THE RECORDS ::
lemma has_poly_expansion_cong:
  assumes "eventually (\<lambda>x. f x = g x) (at_right 0)" and "has_poly_expansion n f"
  shows "has_poly_expansion n g"
proof -
  from assms(2) obtain q where q: "(\<lambda>x. f x - poly q x) \<in> o[at_right 0](\<lambda>x. x ^ n)"
    unfolding has_poly_expansion_def by blast
  have "eventually (\<lambda>x. f x - poly q x = g x - poly q x) (at_right 0)"
    using assms(1) by eventually_elim simp
  from landau_o.small.in_cong[OF this] q show ?thesis
    unfolding has_poly_expansion_def by blast
qed

lemma has_poly_expansion_mono:
  "m \<le> n \<Longrightarrow> has_poly_expansion n f \<Longrightarrow> has_poly_expansion m f"
  unfolding has_poly_expansion_def using smallo_power_mono_at_right_0 by blast

lemma has_poly_expansion_add:
  assumes "has_poly_expansion n f" and "has_poly_expansion n g"
  shows "has_poly_expansion n (\<lambda>x. f x + g x)"
proof -
  from assms obtain q r where
    "(\<lambda>x. f x - poly q x) \<in> o[at_right 0](\<lambda>x. x ^ n)"
    "(\<lambda>x. g x - poly r x) \<in> o[at_right 0](\<lambda>x. x ^ n)"
    unfolding has_poly_expansion_def by blast
  from sum_in_smallo(1)[OF this]
  have "(\<lambda>x. f x + g x - poly (q + r) x) \<in> o[at_right 0](\<lambda>x. x ^ n)"
    by (simp add: algebra_simps)
  then show ?thesis unfolding has_poly_expansion_def by blast
qed

lemma has_poly_expansion_uminus:
  assumes "has_poly_expansion n f"
  shows "has_poly_expansion n (\<lambda>x. - f x)"
proof -
  from assms obtain q where "(\<lambda>x. f x - poly q x) \<in> o[at_right 0](\<lambda>x. x ^ n)"
    unfolding has_poly_expansion_def by blast
  then have "(\<lambda>x. - (f x - poly q x)) \<in> o[at_right 0](\<lambda>x. x ^ n)"
    by (subst landau_o.small.uminus_in_iff)
  then have "(\<lambda>x. - f x - poly (- q) x) \<in> o[at_right 0](\<lambda>x. x ^ n)"
    by simp
  then show ?thesis unfolding has_poly_expansion_def by blast
qed

lemma has_poly_expansion_diff:
  "has_poly_expansion n f \<Longrightarrow> has_poly_expansion n g \<Longrightarrow> has_poly_expansion n (\<lambda>x. f x - g x)"
  using has_poly_expansion_add[OF _ has_poly_expansion_uminus[of n g], of f] by simp

lemma has_poly_expansion_bigo_1:
  assumes "has_poly_expansion n f"
  shows "f \<in> O[at_right 0](\<lambda>_. 1)"
proof -
  from assms obtain q where "(\<lambda>x. f x - poly q x) \<in> o[at_right 0](\<lambda>x. x ^ n)"
    unfolding has_poly_expansion_def by blast
  then have "(\<lambda>x. f x - poly q x) \<in> O[at_right 0](\<lambda>x. x ^ 0)"
    by (intro landau_o.small_imp_big smallo_power_mono_at_right_0[of 0 n]) simp_all
  from sum_in_bigo(1)[OF this[simplified] poly_bigo_1_at_right_0[of q]] show ?thesis by simp
qed

lemma has_poly_expansion_mult:
  assumes f: "has_poly_expansion n f" and g: "has_poly_expansion n g"
  shows "has_poly_expansion n (\<lambda>x. f x * g x)"
proof -
  from assms obtain q r where
    q: "(\<lambda>x. f x - poly q x) \<in> o[at_right 0](\<lambda>x. x ^ n)" and
    r: "(\<lambda>x. g x - poly r x) \<in> o[at_right 0](\<lambda>x. x ^ n)"
    unfolding has_poly_expansion_def by blast
  have fg: "(\<lambda>x. (f x - poly q x) * g x) \<in> o[at_right 0](\<lambda>x. x ^ n)"
    using landau_o.small_big_mult[OF q has_poly_expansion_bigo_1[OF g]] by simp
  have qg: "(\<lambda>x. poly q x * (g x - poly r x)) \<in> o[at_right 0](\<lambda>x. x ^ n)"
    using landau_o.big_small_mult[OF poly_bigo_1_at_right_0 r] by simp
  from sum_in_smallo(1)[OF fg qg]
  have "(\<lambda>x. f x * g x - poly (q * r) x) \<in> o[at_right 0](\<lambda>x. x ^ n)"
    by (simp add: algebra_simps)
  then show ?thesis unfolding has_poly_expansion_def by blast
qed

lemma has_poly_expansion_power:
  "has_poly_expansion n f \<Longrightarrow> has_poly_expansion n (\<lambda>x. f x ^ k)"
  by (induction k) (simp_all add: has_poly_expansion_const has_poly_expansion_mult)

lemma has_poly_expansion_sum:
  "(\<And>i. i \<in> A \<Longrightarrow> has_poly_expansion n (f i)) \<Longrightarrow> has_poly_expansion n (\<lambda>x. \<Sum>i\<in>A. f i x)"
  by (induction A rule: infinite_finite_induct)
     (simp_all add: has_poly_expansion_const has_poly_expansion_add)

lemma has_poly_expansion_mult_ident:
  assumes "has_poly_expansion n f"
  shows "has_poly_expansion (Suc n) (\<lambda>x. x * f x)"
proof -
  from assms obtain q where "(\<lambda>x. f x - poly q x) \<in> o[at_right 0](\<lambda>x. x ^ n)"
    unfolding has_poly_expansion_def by blast
  from landau_o.small.mult_left[OF this, of "\<lambda>x. x"]
  have "(\<lambda>x. x * f x - poly (pCons 0 q) x) \<in> o[at_right 0](\<lambda>x. x ^ Suc n)"
    by (simp add: algebra_simps)
  then show ?thesis unfolding has_poly_expansion_def by blast
qed

lemma has_poly_expansion_inverse_one_minus:
  assumes u: "has_poly_expansion n u" and u_bigo: "u \<in> O[at_right 0](\<lambda>x. x)"
  shows "has_poly_expansion n (\<lambda>x. 1 / (1 - u x))"
proof -
  obtain c where "eventually (\<lambda>x. norm (u x) \<le> c * norm x) (at_right 0)"
    using u_bigo by (elim landau_o.bigE)
  moreover have "((\<lambda>x::real. c * norm x) \<longlongrightarrow> 0) (at_right 0)"
    by (intro tendsto_mult_right_zero tendsto_norm_zero tendsto_ident_at)
  ultimately have u_lim: "(u \<longlongrightarrow> 0) (at_right 0)"
    by (rule Lim_null_comparison)
  then have "eventually (\<lambda>x. dist (u x) 0 < 1) (at_right 0)"
    by (rule tendstoD) simp
  then have u_ne_1: "eventually (\<lambda>x. u x \<noteq> 1) (at_right 0)"
    by eventually_elim auto
  have "((\<lambda>x. 1 / (1 - u x)) \<longlongrightarrow> 1 / (1 - 0)) (at_right 0)"
    by (intro tendsto_intros u_lim) simp
  then have inv_bigo: "(\<lambda>x. 1 / (1 - u x)) \<in> O[at_right 0](\<lambda>_. 1)"
    by (rule tendsto_imp_bigo_1)
  have "(\<lambda>x. u x ^ Suc n) \<in> O[at_right 0](\<lambda>x. x ^ Suc n)"
    by (rule landau_o.big_power[OF u_bigo])
  then have "(\<lambda>x. u x ^ Suc n) \<in> o[at_right 0](\<lambda>x. x ^ n)"
    using landau_o.big_small_trans power_Suc_smallo_power_at_right_0 by blast
  from landau_o.small_big_mult[OF this inv_bigo]
  have remainder: "(\<lambda>x. u x ^ Suc n * (1 / (1 - u x))) \<in> o[at_right 0](\<lambda>x. x ^ n)"
    by simp
  have "eventually (\<lambda>x. (\<Sum>k<Suc n. u x ^ k) + u x ^ Suc n * (1 / (1 - u x))
      = 1 / (1 - u x)) (at_right 0)"
    using u_ne_1
  proof eventually_elim
    case (elim x)
    then have "1 - u x \<noteq> 0" by simp
    then show ?case by (simp add: sum_gp_strict field_simps)
  qed
  moreover have "has_poly_expansion n (\<lambda>x. (\<Sum>k<Suc n. u x ^ k) + u x ^ Suc n * (1 / (1 - u x)))"
    by (intro has_poly_expansion_add has_poly_expansion_sum has_poly_expansion_power u
        has_poly_expansion_smallo[OF remainder])
  ultimately show ?thesis
    by (rule has_poly_expansion_cong)
qed

lemma has_poly_expansion_moebius:
  assumes G: "has_poly_expansion n G"
  shows "has_poly_expansion n (\<lambda>x. - G x / (1 - x * G x))"
proof -
  have "has_poly_expansion n (\<lambda>x. x * G x)"
    by (rule has_poly_expansion_mono[OF _ has_poly_expansion_mult_ident[OF G]]) simp
  moreover have "(\<lambda>x. x * G x) \<in> O[at_right 0](\<lambda>x. x)"
    using landau_o.big.mult_left[OF has_poly_expansion_bigo_1[OF G], of "\<lambda>x. x"] by simp
  ultimately have "has_poly_expansion n (\<lambda>x. - G x * (1 / (1 - x * G x)))"
    by (intro has_poly_expansion_mult[OF has_poly_expansion_uminus[OF G]]
        has_poly_expansion_inverse_one_minus)
  then show ?thesis
    by (rule has_poly_expansion_cong[rotated]) simp
qed

lemma has_poly_expansion_moebius_iff:
  assumes "eventually (\<lambda>x. x * G x \<noteq> 1) (at_right 0)"
  shows "has_poly_expansion n (\<lambda>x. - G x / (1 - x * G x)) \<longleftrightarrow> has_poly_expansion n G"
proof
  assume "has_poly_expansion n (\<lambda>x. - G x / (1 - x * G x))"
  from has_poly_expansion_moebius[OF this] show "has_poly_expansion n G"
  proof (rule has_poly_expansion_cong[rotated])
    show "eventually (\<lambda>x. - (- G x / (1 - x * G x)) / (1 - x * (- G x / (1 - x * G x))) = G x)
      (at_right 0)"
      using assms by eventually_elim (simp add: field_simps)
  qed
qed (rule has_poly_expansion_moebius)

lemma poly_factor_ident_if_smallo_1:
  assumes "poly q \<in> o[at_right 0](\<lambda>_. 1)"
  obtains q' where "poly q = (\<lambda>x::real. x * poly q' x)"
proof -
  have "((\<lambda>x. poly q x / 1) \<longlongrightarrow> 0) (at_right 0)"
    by (rule smalloD_tendsto[OF assms])
  then have "poly q 0 = 0"
    using tendsto_unique[OF _ poly_tendsto_at_right_0] by simp
  moreover obtain a q' where "q = pCons a q'"
    by (cases q)
  ultimately show ?thesis
    using that[of q'] by (simp add: fun_eq_iff)
qed

lemma poly_smallo_power_imp_bigo_power_Suc:
  "poly q \<in> o[at_right 0](\<lambda>x. x ^ n) \<Longrightarrow> poly q \<in> O[at_right 0](\<lambda>x::real. x ^ Suc n)"
proof (induction n arbitrary: q)
  case 0
  then obtain q' where q: "poly q = (\<lambda>x. x * poly q' x)"
    by (auto elim: poly_factor_ident_if_smallo_1)
  from landau_o.big.mult_left[OF poly_bigo_1_at_right_0[of q'], of "\<lambda>x. x"]
  show ?case by (simp add: q)
next
  case (Suc n)
  then have "poly q \<in> o[at_right 0](\<lambda>x. x ^ 0)"
    by (intro smallo_power_mono_at_right_0[OF _ Suc.prems]) simp
  then obtain q' where q: "poly q = (\<lambda>x. x * poly q' x)"
    by (auto elim: poly_factor_ident_if_smallo_1)
  have "(\<lambda>x. x * poly q' x) \<in> o[at_right 0](\<lambda>x. x * x ^ n)"
    using Suc.prems by (simp add: q)
  moreover have "eventually (\<lambda>x::real. x \<noteq> 0) (at_right 0)"
    by (rule eventually_at_right_less[THEN eventually_mono]) simp
  ultimately have "poly q' \<in> o[at_right 0](\<lambda>x. x ^ n)"
    by (subst (asm) landau_o.small.mult_cancel_left) simp_all
  from landau_o.big.mult_left[OF Suc.IH[OF this], of "\<lambda>x. x"]
  show ?case by (simp add: q)
qed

TASK BRIEF ::
Of the lines above, copy each that contains "shows".

WORKED SOLUTION ::
  shows "has_poly_expansion n g"
  shows "has_poly_expansion n (\<lambda>x. f x + g x)"
  shows "has_poly_expansion n (\<lambda>x. - f x)"
  shows "f \<in> O[at_right 0](\<lambda>_. 1)"
  shows "has_poly_expansion n (\<lambda>x. f x * g x)"
  shows "has_poly_expansion (Suc n) (\<lambda>x. x * f x)"
  shows "has_poly_expansion n (\<lambda>x. 1 / (1 - u x))"
  shows "has_poly_expansion n (\<lambda>x. - G x / (1 - x * G x))"
  shows "has_poly_expansion n (\<lambda>x. - G x / (1 - x * G x)) \<longleftrightarrow> has_poly_expansion n G"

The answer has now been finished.